Декреты против бывших дворян – Комитет общественного спасения сосредоточивает всю власть в своих руках – Конвент провозглашает существование Высшего существа и бессмертие души

Правительство уничтожило две партии разом. Первая – партия ультрареволюционеров – была в самом деле опасна или могла сделаться таковой. Другая – партия новых умеренных – опасной не была. Истребление ее, стало быть, было не нужно, но могло оказаться полезным в целях устранения всякого подозрения в умеренности. Комитет уничтожил ее без убеждения, из одной зависти и лицемерия. Этот последний удар дался нелегко: комитет колебался, а Робеспьер засел дома, как всегда во время какой-нибудь опасности. Зато Сен-Жюст, поддерживаемый своим мужеством и ревнивой ненавистью, остался непоколебим, раздул усердие Германа и Фукье, запугал Конвент и вырвал у него роковой декрет.

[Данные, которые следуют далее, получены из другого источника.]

(* Let $\mathbb{D}$ be a division ring, let $2\le m,n<\infty$, let $P$ be an $n\times m$ matrix over $\mathbb{D}$ with $\operatorname{rank}P=r$, and let $\mathcal{A}=\mathfrak{M}(\mathbb{D}, m, n, P)$. Then: (1) if $r\ge 2$, then $\mathcal{A}=\sum[\mathcal{A},\mathcal{A}][\mathcal{A},\mathcal{A}]$, i.e. every element of $\mathcal{A}$ is a finite sum of products of pairs of commutators; (2) if $r=1$, then $\mathcal{A}=\sum[\mathcal{A},\mathcal{A}][\mathcal{A},\mathcal{A}]$ if and only if $\mathbb{D}$ is not commutative.
   Context: $\mathfrak{M}(\mathbb{D}, m, n, P)$ denotes the ring of all $m\times n$ matrices over the division ring $\mathbb{D}$ with entrywise addition and multiplication $A\bullet B = APB$. The commutator is $[x,y]=x\bullet y-y\bullet x$; for subsets $X,Y$, $[X,Y]=\{[x,y]:x\in X,y\in Y\}$ and $XY=\{x\bullet y: x\in X, y\in Y\}$. $\sum[\mathcal{A},\mathcal{A}][\mathcal{A},\mathcal{A}]$ denotes the set of all finite sums of elements of $[\mathcal{A},\mathcal{A}][\mathcal{A},\mathcal{A}]$. *)

theory Defs
  imports Main
begin

text \<open>Matrices over a ring 'a are represented as functions nat => nat => 'a.
  The k x l matrices are those functions vanishing outside the index box
  {..<k} x {..<l}.\<close>

definition mat_set :: "nat \<Rightarrow> nat \<Rightarrow> (nat \<Rightarrow> nat \<Rightarrow> 'a::zero) set" where
  "mat_set k l = {A. \<forall>i j. A i j \<noteq> 0 \<longrightarrow> i < k \<and> j < l}"

definition mat_add :: "(nat \<Rightarrow> nat \<Rightarrow> 'a::plus) \<Rightarrow> (nat \<Rightarrow> nat \<Rightarrow> 'a) \<Rightarrow> nat \<Rightarrow> nat \<Rightarrow> 'a" where
  "mat_add A B = (\<lambda>i j. A i j + B i j)"

definition mat_sub :: "(nat \<Rightarrow> nat \<Rightarrow> 'a::minus) \<Rightarrow> (nat \<Rightarrow> nat \<Rightarrow> 'a) \<Rightarrow> nat \<Rightarrow> nat \<Rightarrow> 'a" where
  "mat_sub A B = (\<lambda>i j. A i j - B i j)"

definition mat_mult :: "nat \<Rightarrow> (nat \<Rightarrow> nat \<Rightarrow> 'a::semiring_0) \<Rightarrow> (nat \<Rightarrow> nat \<Rightarrow> 'a) \<Rightarrow> nat \<Rightarrow> nat \<Rightarrow> 'a" where
  "mat_mult p A B = (\<lambda>i j. \<Sum>k<p. A i k * B k j)"

text \<open>Sandwich product A \<bullet> B = A P B in M(D, m, n, P), A, B m x n, P n x m.\<close>
definition sandwich :: "nat \<Rightarrow> nat \<Rightarrow> (nat \<Rightarrow> nat \<Rightarrow> 'a::semiring_0) \<Rightarrow> (nat \<Rightarrow> nat \<Rightarrow> 'a) \<Rightarrow> (nat \<Rightarrow> nat \<Rightarrow> 'a) \<Rightarrow> nat \<Rightarrow> nat \<Rightarrow> 'a" where
  "sandwich m n P A B = mat_mult m (mat_mult n A P) B"

definition comm :: "nat \<Rightarrow> nat \<Rightarrow> (nat \<Rightarrow> nat \<Rightarrow> 'a::ring) \<Rightarrow> (nat \<Rightarrow> nat \<Rightarrow> 'a) \<Rightarrow> (nat \<Rightarrow> nat \<Rightarrow> 'a) \<Rightarrow> nat \<Rightarrow> nat \<Rightarrow> 'a" where
  "comm m n P A B = mat_sub (sandwich m n P A B) (sandwich m n P B A)"

definition comm_prods :: "nat \<Rightarrow> nat \<Rightarrow> (nat \<Rightarrow> nat \<Rightarrow> 'a::ring) \<Rightarrow> (nat \<Rightarrow> nat \<Rightarrow> 'a) set" where
  "comm_prods m n P = {sandwich m n P (comm m n P a b) (comm m n P c d) | a b c d.
      a \<in> mat_set m n \<and> b \<in> mat_set m n \<and> c \<in> mat_set m n \<and> d \<in> mat_set m n}"

inductive_set fin_sums :: "(nat \<Rightarrow> nat \<Rightarrow> 'a::monoid_add) set \<Rightarrow> (nat \<Rightarrow> nat \<Rightarrow> 'a) set"
  for S where
  zero: "(\<lambda>i j. 0) \<in> fin_sums S"
| add: "x \<in> S \<Longrightarrow> y \<in> fin_sums S \<Longrightarrow> mat_add x y \<in> fin_sums S"

definition cols_indep :: "nat \<Rightarrow> (nat \<Rightarrow> nat \<Rightarrow> 'a::ring) \<Rightarrow> nat set \<Rightarrow> bool" where
  "cols_indep k P S = (\<forall>c::nat \<Rightarrow> 'a. (\<forall>i<k. (\<Sum>j\<in>S. P i j * c j) = 0) \<longrightarrow> (\<forall>j\<in>S. c j = 0))"

definition mat_rank :: "nat \<Rightarrow> nat \<Rightarrow> (nat \<Rightarrow> nat \<Rightarrow> 'a::ring) \<Rightarrow> nat" where
  "mat_rank k l P = Max {card S | S. S \<subseteq> {..<l} \<and> cols_indep k P S}"

end

theory Submission
  imports Defs
begin

text \<open>
  Every m x n matrix is a sum of rank-one matrices p q^T, and on these the sandwich product is
  (p q^T) P (p' q'^T) = p (q^T P p') q'^T, so everything is governed by the pairing q^T P p
  (bil_form). If rank P \<ge> 2 there are u1, u2, z1, z2 with z_i^T P u_j = \<delta>_ij, and each p q^T is
  the sum of two products of commutators of rank-one matrices built from them. If rank P = 1 and
  D is not commutative, one pair with z^T P w = 1 suffices: e = w z^T is an idempotent, each
  Peirce component of p q^T relative to e is a product of two commutators, and the corner e A e,
  a copy of D, is covered by the identity [ua,b][a,b] + [b,u][a,ab] = u [a,b]^2. If rank P = 1
  and D is a field, then P = \<alpha> \<beta>^T, and X \<mapsto> \<beta>^T X \<alpha> is a linear functional that is
  multiplicative for the sandwich product; it therefore vanishes on all products of
  commutators, but not on the matrix units.
\<close>

definition vec_set :: "nat \<Rightarrow> (nat \<Rightarrow> 'a::zero) set" where
  "vec_set k = {v. \<forall>i\<ge>k. v i = 0}"

definition unit_vec :: "nat \<Rightarrow> nat \<Rightarrow> 'a::{zero,one}" where
  "unit_vec k = (\<lambda>i. if i = k then 1 else 0)"

definition outer :: "(nat \<Rightarrow> 'a::times) \<Rightarrow> (nat \<Rightarrow> 'a) \<Rightarrow> nat \<Rightarrow> nat \<Rightarrow> 'a" where
  "outer p q = (\<lambda>i j. p i * q j)"

definition bil_form ::
    "nat \<Rightarrow> nat \<Rightarrow> (nat \<Rightarrow> nat \<Rightarrow> 'a::semiring_0) \<Rightarrow> (nat \<Rightarrow> 'a) \<Rightarrow> (nat \<Rightarrow> 'a) \<Rightarrow> 'a" where
  "bil_form m n P q p = (\<Sum>k<m. (\<Sum>l<n. q l * P l k) * p k)"

lemma mat_set_iff: "A \<in> mat_set k l \<longleftrightarrow> (\<forall>i j. k \<le> i \<or> l \<le> j \<longrightarrow> A i j = 0)"
  unfolding mat_set_def by (auto simp: not_le[symmetric])

lemma unit_vec_in_vec_set: "i < k \<Longrightarrow> unit_vec i \<in> vec_set k"
  by (simp add: vec_set_def unit_vec_def)

lemma vec_set_mult_left: "p \<in> vec_set k \<Longrightarrow> (\<lambda>i. y * p i :: 'a::mult_zero) \<in> vec_set k"
  by (simp add: vec_set_def)

lemma vec_set_mult_right: "p \<in> vec_set k \<Longrightarrow> (\<lambda>i. p i * y :: 'a::mult_zero) \<in> vec_set k"
  by (simp add: vec_set_def)

lemma vec_set_diff: "p \<in> vec_set k \<Longrightarrow> q \<in> vec_set k \<Longrightarrow> (\<lambda>i. p i - q i :: 'a::group_add) \<in> vec_set k"
  by (simp add: vec_set_def)

lemma outer_in_mat_set:
  "p \<in> vec_set m \<Longrightarrow> q \<in> vec_set n \<Longrightarrow> outer p (q::nat \<Rightarrow> 'a::mult_zero) \<in> mat_set m n"
  by (auto simp: mat_set_iff vec_set_def outer_def)

lemma mat_add_in_mat_set:
  "A \<in> mat_set m n \<Longrightarrow> B \<in> mat_set m n \<Longrightarrow> mat_add A (B::nat \<Rightarrow> nat \<Rightarrow> 'a::monoid_add) \<in> mat_set m n"
  by (simp add: mat_set_iff mat_add_def)

lemma mat_sub_in_mat_set:
  "A \<in> mat_set m n \<Longrightarrow> B \<in> mat_set m n \<Longrightarrow> mat_sub A (B::nat \<Rightarrow> nat \<Rightarrow> 'a::group_add) \<in> mat_set m n"
  by (simp add: mat_set_iff mat_sub_def)

lemma sandwich_in_mat_set:
  "A \<in> mat_set m n \<Longrightarrow> B \<in> mat_set m n \<Longrightarrow> sandwich m n P A (B::nat \<Rightarrow> nat \<Rightarrow> 'a::semiring_0) \<in> mat_set m n"
  by (auto simp: mat_set_iff sandwich_def mat_mult_def)

lemma comm_in_mat_set:
  "A \<in> mat_set m n \<Longrightarrow> B \<in> mat_set m n \<Longrightarrow> comm m n P A (B::nat \<Rightarrow> nat \<Rightarrow> 'a::ring) \<in> mat_set m n"
  unfolding comm_def by (intro mat_sub_in_mat_set sandwich_in_mat_set)

lemma fin_sums_mat_add:
  assumes "x \<in> fin_sums S" "y \<in> fin_sums S"
  shows "mat_add x (y::nat \<Rightarrow> nat \<Rightarrow> 'a::monoid_add) \<in> fin_sums S"
  using assms
proof (induction x rule: fin_sums.induct)
  case zero
  then show ?case by (simp add: mat_add_def)
next
  case (add x z)
  have "mat_add (mat_add x z) y = mat_add x (mat_add z y)"
    by (simp add: mat_add_def add.assoc)
  then show ?case using add by (simp add: fin_sums.add)
qed

lemma fin_sums_base: "x \<in> S \<Longrightarrow> (x::nat \<Rightarrow> nat \<Rightarrow> 'a::monoid_add) \<in> fin_sums S"
  using fin_sums.add[OF _ fin_sums.zero, of x S] by (simp add: mat_add_def)

lemma fin_sums_sum:
  assumes "finite K" "\<And>k. k \<in> K \<Longrightarrow> f k \<in> fin_sums S"
  shows "(\<lambda>i j. \<Sum>k\<in>K. f k i j :: 'a::comm_monoid_add) \<in> fin_sums S"
  using assms
proof (induction K rule: finite_induct)
  case empty
  then show ?case by (simp add: fin_sums.zero)
next
  case (insert k K)
  have "(\<lambda>i j. \<Sum>k\<in>insert k K. f k i j) = mat_add (f k) (\<lambda>i j. \<Sum>k\<in>K. f k i j)"
    using insert by (simp add: mat_add_def)
  then show ?case using insert by (simp add: fin_sums_mat_add)
qed

lemma fin_sums_subset_mat_set:
  assumes "S \<subseteq> mat_set m n"
  shows "fin_sums S \<subseteq> mat_set m (n::nat)"
proof
  fix x :: "nat \<Rightarrow> nat \<Rightarrow> 'a" assume "x \<in> fin_sums S"
  then show "x \<in> mat_set m n"
  proof induction
    case zero
    then show ?case by (simp add: mat_set_iff)
  next
    case (add x y)
    then show ?case using assms by (blast intro: mat_add_in_mat_set)
  qed
qed

lemma comm_prods_subset_mat_set: "comm_prods m n (P::nat \<Rightarrow> nat \<Rightarrow> 'a::ring) \<subseteq> mat_set m n"
  unfolding comm_prods_def by (auto intro!: sandwich_in_mat_set comm_in_mat_set)

lemma comm_prod_in_fin_sums:
  "a \<in> mat_set m n \<Longrightarrow> b \<in> mat_set m n \<Longrightarrow> c \<in> mat_set m n \<Longrightarrow> d \<in> mat_set m n \<Longrightarrow>
   sandwich m n P (comm m n P a b) (comm m n P c d) \<in> fin_sums (comm_prods m n P)"
  by (rule fin_sums_base) (auto simp: comm_prods_def)

lemma mat_set_eq_fin_sums_comm_prodsI:
  fixes P :: "nat \<Rightarrow> nat \<Rightarrow> 'a::ring_1"
  assumes outer_mem:
    "\<And>p q. p \<in> vec_set m \<Longrightarrow> q \<in> vec_set n \<Longrightarrow> outer p q \<in> fin_sums (comm_prods m n P)"
  shows "mat_set m n = fin_sums (comm_prods m n P)"
proof
  show "mat_set m n \<subseteq> fin_sums (comm_prods m n P)"
  proof
    fix X :: "nat \<Rightarrow> nat \<Rightarrow> 'a" assume X: "X \<in> mat_set m n"
    have "X = (\<lambda>i j. \<Sum>k<n. outer (\<lambda>i. X i k) (unit_vec k) i j)"
      using X by (intro ext) (auto simp: outer_def unit_vec_def mat_set_iff if_distrib[of "(*) _"] cong: if_cong)
    also have "\<dots> \<in> fin_sums (comm_prods m n P)"
      using X by (intro fin_sums_sum outer_mem unit_vec_in_vec_set) (auto simp: vec_set_def mat_set_iff)
    finally show "X \<in> fin_sums (comm_prods m n P)" .
  qed
  show "fin_sums (comm_prods m n P) \<subseteq> mat_set m n"
    by (intro fin_sums_subset_mat_set comm_prods_subset_mat_set)
qed

lemma sandwich_outer:
  "sandwich m n P (outer p q) (outer p' q') = outer (\<lambda>i. p i * bil_form m n P q p') (q'::nat \<Rightarrow> 'a::semiring_0)"
  unfolding sandwich_def mat_mult_def outer_def bil_form_def
  by (intro ext) (simp add: sum_distrib_left sum_distrib_right mult.assoc)

lemma sandwich_mat_sub_left:
  "sandwich m n P (mat_sub A B) C = mat_sub (sandwich m n P A C) (sandwich m n P B (C::nat \<Rightarrow> nat \<Rightarrow> 'a::ring))"
  unfolding sandwich_def mat_mult_def mat_sub_def by (simp add: sum_subtractf left_diff_distrib)

lemma sandwich_mat_sub_right:
  "sandwich m n P A (mat_sub B C) = mat_sub (sandwich m n P A B) (sandwich m n P A (C::nat \<Rightarrow> nat \<Rightarrow> 'a::ring))"
  unfolding sandwich_def mat_mult_def mat_sub_def by (simp add: sum_subtractf right_diff_distrib)

lemma comm_outer:
  "comm m n P (outer p q) (outer p' q') =
   mat_sub (outer (\<lambda>i. p i * bil_form m n P q p') q')
     (outer (\<lambda>i. p' i * bil_form m n P q' p) (q::nat \<Rightarrow> 'a::ring))"
  unfolding comm_def by (simp add: sandwich_outer)

lemmas comm_prod_outer_simps =
  comm_outer sandwich_mat_sub_left sandwich_mat_sub_right sandwich_outer

lemma bil_form_zero_right [simp]: "bil_form m n P q (\<lambda>k. 0) = (0::'a::semiring_0)"
  by (simp add: bil_form_def)

lemma bil_form_mult_left: "bil_form m n P (\<lambda>l. y * q l) p = (y::'a::ring) * bil_form m n P q p"
  unfolding bil_form_def by (simp add: sum_distrib_left sum_distrib_right mult.assoc)

lemma bil_form_mult_right: "bil_form m n P q (\<lambda>k. p k * y) = bil_form m n P q p * (y::'a::ring)"
  unfolding bil_form_def by (simp add: sum_distrib_right mult.assoc)

lemma bil_form_diff_left:
  "bil_form m n P (\<lambda>l. q l - q' l) p = bil_form m n P q p - bil_form m n P q' (p::nat \<Rightarrow> 'a::ring)"
  unfolding bil_form_def by (simp add: sum_subtractf left_diff_distrib)

lemma bil_form_diff_right:
  "bil_form m n P q (\<lambda>k. p k - p' k) = bil_form m n P q p - bil_form m n P q (p'::nat \<Rightarrow> 'a::ring)"
  unfolding bil_form_def by (simp add: sum_subtractf right_diff_distrib)

lemma bil_form_unit_vec:
  "s < n \<Longrightarrow> k < m \<Longrightarrow> bil_form m n P (unit_vec s) (unit_vec k) = (P s k :: 'a::ring_1)"
  unfolding bil_form_def unit_vec_def by (simp add: if_distrib[of "times _"] if_distrib[of "\<lambda>x. x * _"] cong: if_cong)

Последний шаг к абсолютной власти всегда бывает самым трудным: нужна вся сила, чтобы побороть последнее сопротивление, но после того уступает всё, препятствий больше не остается. Тогда новая власть развертывается вполне, хватает через край и губит себя. Пока все рты зажаты, а на всех лицах покорность, в сердцах копится ненависть и против победителей готовится обвинительный акт уже среди их торжества. Комитет общественного спасения, благополучно истребив два разряда людей, столь различных между собой, но вздумавших противодействовать его власти или даже только критиковать его, стал неодолим. Зима кончилась. Кампания 1794 года должна была открыться с наступлением весны. Грозные армии должны были развернуться по всем границам и показать миру страшную силу, которая так жестоко давала себя чувствовать дома.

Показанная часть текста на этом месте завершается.